Colchicine prevents accelerated atherosclerosis development in TET2-mutant clonal hematopoiesis

Abstract Background Somatic mutations in the TET2 gene that lead to clonal hematopoiesis are associated with accelerated atherosclerosis development in mice and a higher risk of atherosclerotic cardiovascular disease events in humans. Mechanistically, these observations have been linked to exacerbated vascular inflammation. Purpose Here, we sought to evaluate whether colchicine, a widely available and inexpensive anti-inflammatory drug, prevents the accelerated atherosclerosis associated with TET2-mutant clonal hematopoiesis. Methods In mice, we mimicked TET2-mutant clonal hematopoiesis using a competitive bone marrow transplantation approach in atherosclerosis prone Ldlr/- mice. We generated hematopoietic chimeras carrying initially 10% Tet2-/- hematopoietic cells, which were fed a high-cholesterol diet and treated with colchicine or placebo. Atherosclerosis development was evaluated histologically. In humans, we analyzed whole exome sequencing data and electronic medical records from 50,291 participants in a hospital-based cohort to examine the potential modifying effect of colchicine prescription on the association between clonal hematopoiesis and myocardial infarction.

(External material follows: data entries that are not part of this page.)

lemma contains_star_pair_if_many_proper_dilations:
  fixes E :: "('a::field ^ 'n) set"
  assumes E: "finite E" and r: "r \<noteq> 0" and k: "k \<ge> 1"
    and many: "proper_dilation_count E r > 2 * (real k - 1) * real (card E) ^ 3"
  shows "contains_star_pair E k r"
proof (rule ccontr)
  assume no_star: "\<not> ?thesis"
  let ?e = "real (card E)"
  have "proper_dilation_count E r = (\<Sum>x\<in>E. \<Sum>y\<in>E. \<Sum>x'\<in>E. \<Sum>y'\<in>E.
      if sqnorm (y - y') = r * sqnorm (x - x') \<and> sqnorm (x - x') \<noteq> 0 then 1 else 0)"
    unfolding proper_dilation_count_def by (rule sum.cong[OF refl], rule sum.swap)
  also have "\<dots> \<le> (\<Sum>x\<in>E. \<Sum>y\<in>E. 2 * (real k - 1) * ?e)"
    by (intro sum_mono proper_dilations_at_centres_le[OF E r k no_star])
  also have "\<dots> = 2 * (real k - 1) * ?e ^ 3" by (simp add: power3_eq_cube)
  finally show False using many by simp
qed

section \<open>Additive characters of finite fields\<close>

lemma prime_CHAR_finite: "prime CHAR('a::{field,finite})"
  by (rule prime_CHAR_semidom) (simp add: finite_imp_CHAR_pos)

lemma two_neq_zero_if_odd_card:
  assumes "odd CARD('a::{field,finite})"
  shows "(2::'a) \<noteq> 0"
proof
  assume "(2::'a) = 0"
  hence "CHAR('a) dvd 2" by (metis of_nat_eq_0_iff_char_dvd of_nat_numeral)
  hence "CHAR('a) = 2"
    using prime_CHAR_finite by (metis prime_nat_iff two_is_prime_nat CHAR_not_1 One_nat_def)
  thus False using assms CHAR_dvd_CARD[where 'a='a] by auto
qed

lemma card_ge_3_if_odd_card:
  assumes "odd CARD('a::{field,finite})"
  shows "CARD('a) \<ge> 3"
proof -
  have "card {0::'a, 1} \<le> CARD('a)" by (rule card_mono) auto
  hence "CARD('a) \<ge> 2" by simp
  thus ?thesis using assms by presburger
qed

definition add_closed :: "'a::monoid_add set \<Rightarrow> bool" where
  "add_closed H \<longleftrightarrow> 0 \<in> H \<and> (\<forall>x\<in>H. \<forall>y\<in>H. x + y \<in> H)"

lemma add_closed_of_nat_mult:
  assumes "add_closed H" "h \<in> H"
  shows "of_nat n * h \<in> H"
  using assms by (induction n) (auto simp: add_closed_def distrib_right)

lemma of_int_eq_of_nat_mod_CHAR:
  "(of_int m :: 'a::{ring_1,finite}) = of_nat (nat (m mod int CHAR('a)))"
  using finite_imp_CHAR_pos[where 'a='a] by (simp add: of_int_eq_iff_cong_CHAR cong_def)

text \<open>In characteristic \<open>p\<close>, \<open>-h = (p - 1) h\<close>: additively closed sets are closed under negation.\<close>

lemma add_closed_of_int_mult:
  fixes H :: "'a::{field,finite} set"
  assumes "add_closed H" "h \<in> H"
  shows "of_int m * h \<in> H"
  using add_closed_of_nat_mult[OF assms] by (subst of_int_eq_of_nat_mod_CHAR) simp

lemma add_closed_uminus:
  fixes H :: "'a::{field,finite} set"
  assumes "add_closed H" "h \<in> H"
  shows "- h \<in> H"
  using add_closed_of_int_mult[OF assms, of "-1"] by simp

lemma add_closed_diff:
  fixes H :: "'a::{field,finite} set"
  assumes "add_closed H" "x \<in> H" "y \<in> H"
  shows "x - y \<in> H"
  using assms add_closed_uminus[OF assms(1,3)] unfolding add_closed_def
  by (metis diff_conv_add_uminus)

lemma add_closed_of_int_mem:
  fixes H :: "'a::{field,finite} set"
  assumes "add_closed H" "1 \<notin> H" "of_int m \<in> H"
  shows "int CHAR('a) dvd m"
proof (rule ccontr)
  assume "\<not> int CHAR('a) dvd m"
  hence "coprime m (int CHAR('a))"
    using prime_CHAR_finite by (metis coprime_commute prime_imp_coprime prime_nat_int_transfer)
  then obtain m' where "[m * m' = 1] (mod int CHAR('a))"
    by (metis cong_solve_coprime_int)
  hence "of_int m' * of_int m = (1::'a)"
    by (metis mult.commute of_int_1 of_int_eq_iff_cong_CHAR of_int_mult)
  thus False using assms add_closed_of_int_mult[OF assms(1,3), of m'] by simp
qed

lemma add_closed_of_nat_diff_mem:
  fixes H :: "'a::{field,finite} set"
  assumes "add_closed H" "1 \<notin> H" "of_nat a - of_nat b \<in> H"
  shows "a mod CHAR('a) = b mod CHAR('a)"
proof -
  have "int CHAR('a) dvd int a - int b"
    using add_closed_of_int_mem[OF assms(1,2), of "int a - int b"] assms(3) by simp
  thus ?thesis by (metis mod_eq_dvd_iff of_nat_eq_iff zmod_int)
qed

lemma add_closed_add_multiples:
  assumes "add_closed H"
  shows "add_closed {h + of_nat i * x | h i. h \<in> H}"
  unfolding add_closed_def
proof (intro conjI ballI)
  show "0 \<in> {h + of_nat i * x |h i. h \<in> H}"
    using assms by (auto simp: add_closed_def intro!: exI[of _ 0])
next
  fix a b assume "a \<in> {h + of_nat i * x |h i. h \<in> H}" "b \<in> {h + of_nat i * x |h i. h \<in> H}"
  then obtain h1 i1 h2 i2 where "a = h1 + of_nat i1 * x" "b = h2 + of_nat i2 * x" "h1 \<in> H" "h2 \<in> H"
    by blast
  moreover have "h1 + h2 \<in> H" using assms \<open>h1 \<in> H\<close> \<open>h2 \<in> H\<close> by (simp add: add_closed_def)
  ultimately show "a + b \<in> {h + of_nat i * x |h i. h \<in> H}"
    by (intro CollectI exI[of _ "h1 + h2"] exI[of _ "i1 + i2"]) (simp add: algebra_simps)
qed

text \<open>A largest additively closed set avoiding \<open>1\<close> is a complement of the prime field.\<close>

lemma max_add_closed_complement:
  fixes H :: "'a::{field,finite} set"
  assumes H: "add_closed H" "1 \<notin> H"
    and max: "\<And>H'::'a set. add_closed H' \<Longrightarrow> 1 \<notin> H' \<Longrightarrow> card H' \<le> card H"
  shows "\<exists>j. x - of_nat j \<in> H"
proof (cases "x \<in> H")
  case True thus ?thesis by (intro exI[of _ 0]) simp
next
  case False
  define H' where "H' = {h + of_nat i * x | h i. h \<in> H}"
  have "add_closed H'" unfolding H'_def by (rule add_closed_add_multiples[OF H(1)])
  moreover have "H \<subset> H'"
    using False H by (force simp: H'_def add_closed_def intro: exI[of _ 0] exI[of _ 1])
  ultimately have "1 \<in> H'"
    using max[of H'] psubset_card_mono[of H' H] by fastforce
  then obtain h i where hi: "1 = h + of_nat i * x" "h \<in> H" unfolding H'_def by blast
  have "\<not> int CHAR('a) dvd int i"
    using add_closed_of_int_mem[OF H, of "int i"] hi H(2)
    by (metis add.right_neutral mult_zero_left of_int_of_nat_eq of_nat_eq_0_iff_char_dvd int_dvd_int_iff)
  hence "coprime (int i) (int CHAR('a))"
    using prime_CHAR_finite by (metis coprime_commute prime_imp_coprime prime_nat_int_transfer)
  then obtain i' where "[int i * i' = 1] (mod int CHAR('a))"
    by (metis cong_solve_coprime_int)
  hence ii: "of_int i' * of_nat i = (1::'a)"
    by (metis mult.commute of_int_1 of_int_eq_iff_cong_CHAR of_int_mult of_int_of_nat_eq)
  have "x - of_int i' = - (of_int i' * h)"
    using arg_cong[OF hi(1), of "\<lambda>z. of_int i' * z"] ii by (simp add: algebra_simps)
  also have "\<dots> \<in> H"
    using add_closed_of_int_mult[OF H(1) hi(2), of "- i'"] by simp
  finally show ?thesis
    by (subst (asm) of_int_eq_of_nat_mod_CHAR) blast
qed

text \<open>With \<open>H\<close> a complement of the prime field, write \<open>x = j x + h\<close> with \<open>h \<in> H\<close>; then \<open>j\<close> is
  additive modulo \<open>p\<close> and \<open>\<psi> x = exp (2 \<pi> i j x / p)\<close> is the required character.\<close>

lemma nontrivial_add_char_exists:
  "\<exists>\<psi>::'a::{field,finite} \<Rightarrow> complex.
     (\<forall>x y. \<psi> (x + y) = \<psi> x * \<psi> y) \<and> (\<forall>x. cmod (\<psi> x) = 1) \<and> \<psi> 1 \<noteq> 1"
proof -
  obtain H :: "'a set" where H: "add_closed H" "1 \<notin> H"
    and max: "\<And>H'::'a set. add_closed H' \<Longrightarrow> 1 \<notin> H' \<Longrightarrow> card H' \<le> card H"
    using ex_has_greatest_nat[of "\<lambda>H::'a set. add_closed H \<and> 1 \<notin> H" "{0}" card "Suc CARD('a)"]
    by (force simp: add_closed_def card_mono less_Suc_eq_le)
  define p where "p = CHAR('a)"
  have p: "p \<ge> 2" unfolding p_def using prime_CHAR_finite prime_ge_2_nat by blast
  define j where "j x = (SOME j. x - of_nat j \<in> H)" for x :: 'a
  have j: "x - of_nat (j x) \<in> H" for x
    unfolding j_def using max_add_closed_complement[OF H max] by (rule someI_ex)
  define e where "e m = exp (2 * of_real pi * \<i> * of_nat m / of_nat p)" for m :: nat
  have e_eq_iff: "e a = e b \<longleftrightarrow> a mod p = b mod p" for a b
    unfolding e_def using p by (intro complex_root_unity_eq) simp
  have e_add: "e (a + b) = e a * e b" for a b
    unfolding e_def by (simp add: add_divide_distrib distrib_left exp_add)
  show ?thesis
  proof (intro exI conjI allI)
    fix x y :: 'a
    have "of_nat (j (x + y)) - of_nat (j x + j y) = - ((x + y - of_nat (j (x + y))) - (x - of_nat (j x)) - (y - of_nat (j y)))"
      by (simp add: algebra_simps)
    also have "\<dots> \<in> H"
      using j by (intro add_closed_uminus[OF H(1)] add_closed_diff[OF H(1) add_closed_diff[OF H(1)]])
    finally have "e (j (x + y)) = e (j x + j y)"
      unfolding e_eq_iff p_def by (rule add_closed_of_nat_diff_mem[OF H])
    thus "e (j (x + y)) = e (j x) * e (j y)" by (simp add: e_add)
  next
    show "cmod (e (j x)) = 1" for x unfolding e_def by simp
  next
    have "of_nat (j 1) - of_nat 1 = - (1 - of_nat (j 1) :: 'a)" by simp
    also have "\<dots> \<in> H" using j by (intro add_closed_uminus[OF H(1)])
    finally have "e (j 1) = e 1"
      unfolding e_eq_iff p_def by (rule add_closed_of_nat_diff_mem[OF H])
    also have "e 1 \<noteq> 1"
      unfolding e_def using p complex_root_unity_eq_1[of p 1] by simp
    finally show "e (j 1) \<noteq> 1" .
  qed
qed

section \<open>The quadratic character\<close>

definition quad_char :: "'a::field \<Rightarrow> 'b::ring_1" where
  "quad_char x = (if x = 0 then 0 else if \<exists>y. y^2 = x then 1 else -1)"

lemma quad_char_0 [simp]: "quad_char 0 = 0"
  by (simp add: quad_char_def)

lemma of_real_quad_char: "of_real (quad_char x) = quad_char x"
  by (simp add: quad_char_def)

lemma quad_char_square: "x \<noteq> 0 \<Longrightarrow> quad_char (x^2) = 1"
  by (auto simp: quad_char_def)

lemma quad_char_pow_odd: "odd n \<Longrightarrow> quad_char x ^ n = quad_char x"
  by (auto simp: quad_char_def power_0_left)

lemma quad_char_pow_even: "x \<noteq> 0 \<Longrightarrow> even n \<Longrightarrow> quad_char x ^ n = 1"
  by (auto simp: quad_char_def)

lemma mem_nonzero_squares_iff: "x \<in> nonzero_squares \<longleftrightarrow> x \<noteq> 0 \<and> (\<exists>y. y^2 = x)"
  by (auto simp: nonzero_squares_def)

lemma square_mult_iff:
  fixes x y :: "'a::field"
  assumes "a \<noteq> 0" "a^2 = x"
  shows "(\<exists>c. c^2 = x * y) \<longleftrightarrow> (\<exists>b. b^2 = y)"
proof
  assume "\<exists>c. c^2 = x * y"
  then obtain c where "c^2 = x * y" by blast
  hence "(c / a)^2 = y" using assms by (auto simp: power_divide)
  thus "\<exists>b. b^2 = y" by blast
next
  assume "\<exists>b. b^2 = y"
  then obtain b where "b^2 = y" by blast
  hence "(a * b)^2 = x * y" using assms by (simp add: power_mult_distrib)
  thus "\<exists>c. c^2 = x * y" by blast
qed

context
  assumes odd_card: "odd CARD('a::{field,finite})"
begin

lemma card_sqrt: "of_nat (card {x::'a. x^2 = t}) = 1 + quad_char t"
proof (cases "t \<noteq> 0 \<and> (\<exists>y. y^2 = t)")
  case True
  then obtain y where y: "y^2 = t" "y \<noteq> 0" by auto
  have "y \<noteq> -y"
    using y two_neq_zero_if_odd_card[OF odd_card] by (metis add_eq_0_iff2 mult_2 mult_eq_0_iff)
  moreover have "{x. x^2 = t} = {y, -y}"
    using y power2_eq_iff[of _ y] by auto
  ultimately show ?thesis using True by (simp add: quad_char_def)
qed (auto simp: quad_char_def)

Results Colchicine prevented the development of accelerated atherosclerosis in the mouse model of TET2-mutant clonal hematopoiesis, without affecting serum cholesterol levels or the expansion of TET2-deficient hematopoietic cells. In humans, consistent with experimental findings, patients who were prescribed colchicine had attenuated associations between TET2-mutant clonal hematopoiesis and myocardial infarction (ORno colchicine [95% CI]: 1.18 [0.93-1.48]; ORcolchicine [95% CI]: 0.78 [0.45-1.35]; Pinteraction=0.03). This interaction was not observed for carriers of other clonal hematopoiesis-related mutations, such as those affecting DNMT3A or ASXL1. Conclusions Our results highlight the potential value of colchicine as a targeted preventive care strategy to mitigate the higher cardiovascular risk of carriers of somatic TET2 mutations in blood cells. These observations set the basis for the development of clinical trials that evaluate the efficacy of precision medicine approaches tailored to the effects of specific somatic mutations linked to clonal hematopoiesis.